## Task description
In the listing below, print exactly the lines between the line holding "by (simp add: twisted_equiv_eq_equivclp)" and the line holding "case (tw2 c b a u v)", inclusive, and no more.

## Data section

————————

(* Let $w=a_{11}\cdots a_{1c_1}\,a_{21}\cdots a_{2c_2}\cdots a_{k1}\cdots a_{kc_k}$ be a column word with segments of lengths $c_1\ge c_2\ge\dots\ge c_k>0$. Then there exist positive integers $b_{ij}$ ($1\le i\le k$, $1\le j\le c_i$) such that $$w\sim^* b_{k1}b_{k-1,1}\cdots b_{11}b_{12}\cdots b_{1c_1}b_{22}\cdots b_{2c_2}\cdots b_{k2}\cdots b_{kc_k},$$ where $b_{11}>b_{21}>\dots>b_{k1}$ and $b_{11}\cdots b_{1c_1}\,|\,b_{22}\cdots b_{2c_2}\,|\cdots|\,b_{k2}\cdots b_{kc_k}$ is a column word (with segment lengths $c_1,c_2-1,\dots,c_k-1$, empty segments omitted).
   Context: A word is a finite sequence of positive integers. Twisted Knuth equivalence $\sim^*$ is the equivalence relation on words generated by: $u\,b\,a\,c\,v\sim^* u\,b\,c\,a\,v$ whenever $c\le b<a$, and $u\,a\,c\,b\,v\sim^* u\,c\,a\,b\,v$ whenever $c<b\le a$, for positive integers $a,b,c$ and arbitrary (possibly empty) words $u,v$. A column word is a word $a_{11}\cdots a_{1c_1}\,a_{21}\cdots a_{2c_2}\cdots a_{k1}\cdots a_{kc_k}$ (segments separated by $|$) with $c_1\ge c_2\ge\dots\ge c_k>0$ such that each segment is weakly decreasing ($a_{ij}\ge a_{i,j+1}$) and $a_{i+1,c_{i+1}-j}>a_{i,c_i-j}$ for all $0\le j<c_{i+1}$, $1\le i<k$. *)

theory Defs
  imports Main
begin

type_synonym word = "nat list"

definition pos_word :: "word \<Rightarrow> bool" where
  "pos_word w \<longleftrightarrow> (\<forall>x\<in>set w. 0 < x)"

inductive twisted_step :: "word \<Rightarrow> word \<Rightarrow> bool" where
  tw1: "c \<le> b \<Longrightarrow> b < a \<Longrightarrow> twisted_step (u @ [b, a, c] @ v) (u @ [b, c, a] @ v)"
| tw2: "c < b \<Longrightarrow> b \<le> a \<Longrightarrow> twisted_step (u @ [a, c, b] @ v) (u @ [c, a, b] @ v)"

definition twisted_equiv :: "word \<Rightarrow> word \<Rightarrow> bool" where
  "twisted_equiv = (\<lambda>x y. twisted_step x y \<or> twisted_step y x)\<^sup>*\<^sup>*"

text \<open>A column word given by its list of segments [a_{i1},...,a_{ic_i}] (0-based indices).\<close>
definition column_word :: "nat list list \<Rightarrow> bool" where
  "column_word cs \<longleftrightarrow>
     (\<forall>s\<in>set cs. s \<noteq> [] \<and> sorted_wrt (\<lambda>x y. x \<ge> y) s) \<and>
     (\<forall>i. Suc i < length cs \<longrightarrow> length (cs ! Suc i) \<le> length (cs ! i)) \<and>
     (\<forall>i j. Suc i < length cs \<and> j < length (cs ! Suc i) \<longrightarrow>
        cs ! Suc i ! (length (cs ! Suc i) - 1 - j) > cs ! i ! (length (cs ! i) - 1 - j))"

end

theory Submission
  imports Defs
begin

text \<open>Induction on the number of columns, building the \<open>b\<^sub>i\<^sub>j\<close> from the right. Suppose
  the word of all columns but the first one, \<open>A\<close>, is already equivalent to a hook word: the
  reversed heads of its columns, then the new second column \<open>D\<close>, then the remaining tails. In front
  of \<open>A\<close> now stands the increasing sequence of those heads followed by \<open>hd D\<close>. Inserting
  these letters one by one into \<open>A\<close> by column bumping (a letter \<open>u\<close> overwrites the largest
  entry \<open>z < u\<close>, and \<open>z\<close> moves to the front) is a twisted Knuth equivalence; the bumped
  letters become the new heads, decreasing and smaller than the top of the new first column.
  That the new first column and the tail of \<open>D\<close> are again adjacent columns of a column word
  follows from two bounds on how a column grows during insertion, which are carried through
  the induction as an extra invariant.\<close>

section \<open>Twisted Knuth equivalence\<close>

abbreviation nonincreasing :: "nat list \<Rightarrow> bool" where
  "nonincreasing xs \<equiv> sorted_wrt (\<lambda>x y. x \<ge> y) xs"

lemma twisted_equiv_eq_equivclp: "twisted_equiv = equivclp twisted_step"
  unfolding twisted_equiv_def equivclp_def symclp_def ..

lemma twisted_equiv_refl [simp]: "twisted_equiv w w"
  by (simp add: twisted_equiv_eq_equivclp)

lemma twisted_equiv_sym: "twisted_equiv x y \<Longrightarrow> twisted_equiv y x"
  unfolding twisted_equiv_eq_equivclp by (rule equivclp_sym)

lemma twisted_equiv_trans [trans]: "twisted_equiv x y \<Longrightarrow> twisted_equiv y z \<Longrightarrow> twisted_equiv x z"
  unfolding twisted_equiv_eq_equivclp by (rule equivclp_trans)

lemma twisted_step_imp_equiv: "twisted_step x y \<Longrightarrow> twisted_equiv x y"
  unfolding twisted_equiv_eq_equivclp by (rule r_into_equivclp)

lemma twisted_step_append: "twisted_step x y \<Longrightarrow> twisted_step (p @ x @ s) (p @ y @ s)"
proof (induction rule: twisted_step.induct)
  case (tw1 c b a u v)
  from twisted_step.tw1[OF tw1, of "p @ u" "v @ s"] show ?case by simp
next
  case (tw2 c b a u v)
  from twisted_step.tw2[OF tw2, of "p @ u" "v @ s"] show ?case by simp
qed

lemma twisted_equiv_append: "twisted_equiv x y \<Longrightarrow> twisted_equiv (p @ x @ s) (p @ y @ s)"
  unfolding twisted_equiv_eq_equivclp
  by (induction rule: equivclp_induct) (auto intro: equivclp_into_equivclp twisted_step_append)

lemma twisted_equiv_set: "twisted_equiv x y \<Longrightarrow> set x = set y"
proof -
  have step: "set x = set y" if "twisted_step x y" for x y
    using that by (induction rule: twisted_step.induct) auto
  show "twisted_equiv x y \<Longrightarrow> set x = set y"
    unfolding twisted_equiv_eq_equivclp by (induction rule: equivclp_induct) (auto dest: step)
qed

lemma twisted_equiv_shift_left:
  assumes "nonincreasing (b # B)" and "b < u"
  shows "twisted_equiv (b # B @ [u]) (b # u # B)"
  using assms
proof (induction B arbitrary: b)
  case Nil
  then show ?case by simp
next
  case (Cons c B)
  have "twisted_equiv (c # B @ [u]) (c # u # B)"
    using Cons by auto
  then have "twisted_equiv (b # c # B @ [u]) (b # c # u # B)"
    using twisted_equiv_append[of _ _ "[b]" "[]"] by simp
  also have "twisted_equiv \<dots> (b # u # c # B)"
    using Cons.prems twisted_step.tw1[of c b u "[]" B]
    by (auto intro: twisted_equiv_sym twisted_step_imp_equiv)
  finally show ?case by simp
qed

lemma twisted_equiv_shift_front:
  assumes "nonincreasing A" and "\<forall>a\<in>set A. v \<le> a" and "z < v"
  shows "twisted_equiv (A @ [z, v]) (z # A @ [v])"
  using assms
proof (induction A arbitrary: v rule: rev_induct)
  case Nil
  then show ?case by simp
next
  case (snoc a A)
  have "twisted_equiv ((A @ [a]) @ [z, v]) ((A @ [z, a]) @ [v])"
    using snoc.prems twisted_step.tw2[of z v a A "[]"] by (auto intro: twisted_step_imp_equiv)
  also have "twisted_equiv \<dots> ((z # A @ [a]) @ [v])"
  proof -
    have "twisted_equiv (A @ [z, a]) (z # A @ [a])"
      using snoc by (auto simp: sorted_wrt_append)
    from twisted_equiv_append[OF this, of "[]" "[v]"] show ?thesis by simp
  qed
  finally show ?case by simp
qed

section \<open>Column bumping\<close>

definition bump_index :: "nat \<Rightarrow> nat list \<Rightarrow> nat" where
  "bump_index u X = length (takeWhile (\<lambda>x. u \<le> x) X)"

lemma nonincreasing_nth_le: "nonincreasing X \<Longrightarrow> i \<le> j \<Longrightarrow> j < length X \<Longrightarrow> X ! j \<le> X ! i"
  by (metis le_less order.refl sorted_wrt_iff_nth_less)

lemma le_nth_if_less_bump_index: "i < bump_index u X \<Longrightarrow> u \<le> X ! i"
  unfolding bump_index_def by (metis nth_mem set_takeWhileD takeWhile_nth)

context
  fixes u :: nat and X :: "nat list"
  assumes ne: "X \<noteq> []" and nonincr: "nonincreasing X" and last_less: "last X < u"
begin

lemma bump_index_less_length: "bump_index u X < length X"
proof -
  have "takeWhile (\<lambda>x. u \<le> x) X \<noteq> X"
    using ne last_less by (metis last_in_set not_le takeWhile_eq_all_conv)
  then show ?thesis
    unfolding bump_index_def by (metis le_neq_implies_less length_takeWhile_le takeWhile_eq_take take_all)
qed

lemma nth_bump_index_less: "X ! bump_index u X < u"
  using nth_length_takeWhile[of "\<lambda>x. u \<le> x" X] bump_index_less_length
  unfolding bump_index_def by simp

lemma nth_le_nth_bump_index: "i < length X \<Longrightarrow> X ! i < u \<Longrightarrow> X ! i \<le> X ! bump_index u X"
  using le_nth_if_less_bump_index[of i u X] nonincreasing_nth_le[OF nonincr, of "bump_index u X" i]
  by fastforce

lemma nth_le_nth_bump: "X ! i \<le> X[bump_index u X := u] ! i"
  using nth_bump_index_less bump_index_less_length
  by (cases "i = bump_index u X") (auto simp: nth_list_update)

lemma nonincreasing_bump: "nonincreasing (X[bump_index u X := u])"
  unfolding sorted_wrt_iff_nth_less
proof (intro allI impI)
  fix i j assume ij: "i < j" "j < length (X[bump_index u X := u])"
  then show "X[bump_index u X := u] ! j \<le> X[bump_index u X := u] ! i"
    using nth_bump_index_less nonincreasing_nth_le[OF nonincr, of i j]
      nonincreasing_nth_le[OF nonincr, of "bump_index u X" j] le_nth_if_less_bump_index[of i u X]
    by (cases "i = bump_index u X"; cases "j = bump_index u X") (auto simp: nth_list_update)
qed

text \<open>First \<open>u\<close> travels left to sit just behind \<open>z = X ! bump_index u X\<close>, then \<open>z\<close>
  travels to the front over the entries \<open>\<ge> u\<close>.\<close>

lemma twisted_equiv_bump: "twisted_equiv (X @ [u]) (X ! bump_index u X # X[bump_index u X := u])"
proof -
  define p where "p = bump_index u X"
  define A where "A = take p X"
  define B where "B = drop (Suc p) X"
  define z where "z = X ! p"
  have p: "p < length X"
    using bump_index_less_length by (simp add: p_def)
  have X: "X = A @ z # B" and X_upd: "X[p := u] = A @ u # B"
    unfolding A_def B_def z_def using p by (simp_all add: id_take_nth_drop upd_conv_take_nth_drop)
  have zu: "z < u"
    using nth_bump_index_less by (simp add: z_def p_def)
  have A_ge: "\<forall>a\<in>set A. u \<le> a"
    unfolding A_def p_def by (auto simp: in_set_conv_nth le_nth_if_less_bump_index)
  have left: "twisted_equiv (z # B @ [u]) (z # u # B)"
    using nonincr zu unfolding X by (intro twisted_equiv_shift_left) (auto simp: sorted_wrt_append)
  have front: "twisted_equiv (A @ [z, u]) (z # A @ [u])"
    using nonincr A_ge zu unfolding X by (intro twisted_equiv_shift_front) (auto simp: sorted_wrt_append)
  have "twisted_equiv (X @ [u]) (A @ z # u # B)"
    using twisted_equiv_append[OF left, of A "[]"] by (simp add: X)
  also have "twisted_equiv \<dots> (z # A @ u # B)"
    using twisted_equiv_append[OF front, of "[]" B] by simp
  finally show ?thesis
    using X_upd by (simp add: p_def z_def)
qed

end

fun insert_column :: "nat list \<Rightarrow> nat list \<Rightarrow> nat list \<times> nat list" where
  "insert_column X [] = ([], X)"
| "insert_column X (u # us) =
     (let r = insert_column (X[bump_index u X := u]) us in (X ! bump_index u X # fst r, snd r))"

definition insertable :: "nat list \<Rightarrow> nat list \<Rightarrow> bool" where
  "insertable X us \<longleftrightarrow> X \<noteq> [] \<and> nonincreasing X \<and> sorted_wrt (<) us \<and> (\<forall>u\<in>set us. last X < u)"

lemma insertable_ConsD: "insertable X (u # us) \<Longrightarrow> X \<noteq> [] \<and> nonincreasing X \<and> last X < u"
  by (simp add: insertable_def)

lemma insertable_bump:
  assumes "insertable X (u # us)"
  shows "insertable (X[bump_index u X := u]) us"
proof -
  have X: "X \<noteq> []" "nonincreasing X" "last X < u"
    using insertable_ConsD[OF assms] by auto
  have "last (X[bump_index u X := u]) \<in> {last X, u}"
    using X(1) by (cases "bump_index u X = length X - 1") (auto simp: last_conv_nth nth_list_update)
  then show ?thesis
    using assms nonincreasing_bump[OF X] X(1) unfolding insertable_def by auto
qed

lemma length_insert_column [simp]:
  "length (fst (insert_column X us)) = length us"
  "length (snd (insert_column X us)) = length X"
  by (induction us arbitrary: X) (auto simp: Let_def)

lemma twisted_equiv_insert_column:
  "insertable X us \<Longrightarrow> twisted_equiv (X @ us) (fst (insert_column X us) @ snd (insert_column X us))"
proof (induction us arbitrary: X)
  case Nil
  then show ?case by simp
next
  case (Cons u us)
  let ?z = "X ! bump_index u X" and ?X' = "X[bump_index u X := u]"
  have "twisted_equiv ((X @ [u]) @ us) ((?z # ?X') @ us)"
    using insertable_ConsD[OF Cons.prems] twisted_equiv_append[OF twisted_equiv_bump, of X u "[]" us]
    by simp
  also have "twisted_equiv \<dots> ([?z] @ (fst (insert_column ?X' us) @ snd (insert_column ?X' us)) @ [])"
    using twisted_equiv_append[OF Cons.IH[OF insertable_bump[OF Cons.prems]], of "[?z]" "[]"] by simp
  finally show ?case by (simp add: Let_def)
qed

lemma nonincreasing_insert_column: "insertable X us \<Longrightarrow> nonincreasing (snd (insert_column X us))"
proof (induction us arbitrary: X)
  case Nil
  then show ?case by (simp add: insertable_def)
next
  case (Cons u us)
  then show ?case using insertable_bump by (simp add: Let_def)
qed

lemma insert_column_mono:
  "insertable X us \<Longrightarrow> i < length X \<Longrightarrow> X ! i \<le> snd (insert_column X us) ! i"
proof (induction us arbitrary: X)
  case Nil
  then show ?case by simp
next
  case (Cons u us)
  have "X ! i \<le> X[bump_index u X := u] ! i"
    using insertable_ConsD[OF Cons.prems(1)] nth_le_nth_bump by blast
  also have "\<dots> \<le> snd (insert_column (X[bump_index u X := u]) us) ! i"
    using Cons.IH[OF insertable_bump[OF Cons.prems(1)]] Cons.prems(2) by simp
  finally show ?case by (simp add: Let_def)
qed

————————

## Answer box
  by (simp add: twisted_equiv_eq_equivclp)

lemma twisted_equiv_sym: "twisted_equiv x y \<Longrightarrow> twisted_equiv y x"
  unfolding twisted_equiv_eq_equivclp by (rule equivclp_sym)

lemma twisted_equiv_trans [trans]: "twisted_equiv x y \<Longrightarrow> twisted_equiv y z \<Longrightarrow> twisted_equiv x z"
  unfolding twisted_equiv_eq_equivclp by (rule equivclp_trans)

lemma twisted_step_imp_equiv: "twisted_step x y \<Longrightarrow> twisted_equiv x y"
  unfolding twisted_equiv_eq_equivclp by (rule r_into_equivclp)

lemma twisted_step_append: "twisted_step x y \<Longrightarrow> twisted_step (p @ x @ s) (p @ y @ s)"
proof (induction rule: twisted_step.induct)
  case (tw1 c b a u v)
  from twisted_step.tw1[OF tw1, of "p @ u" "v @ s"] show ?case by simp
next
  case (tw2 c b a u v)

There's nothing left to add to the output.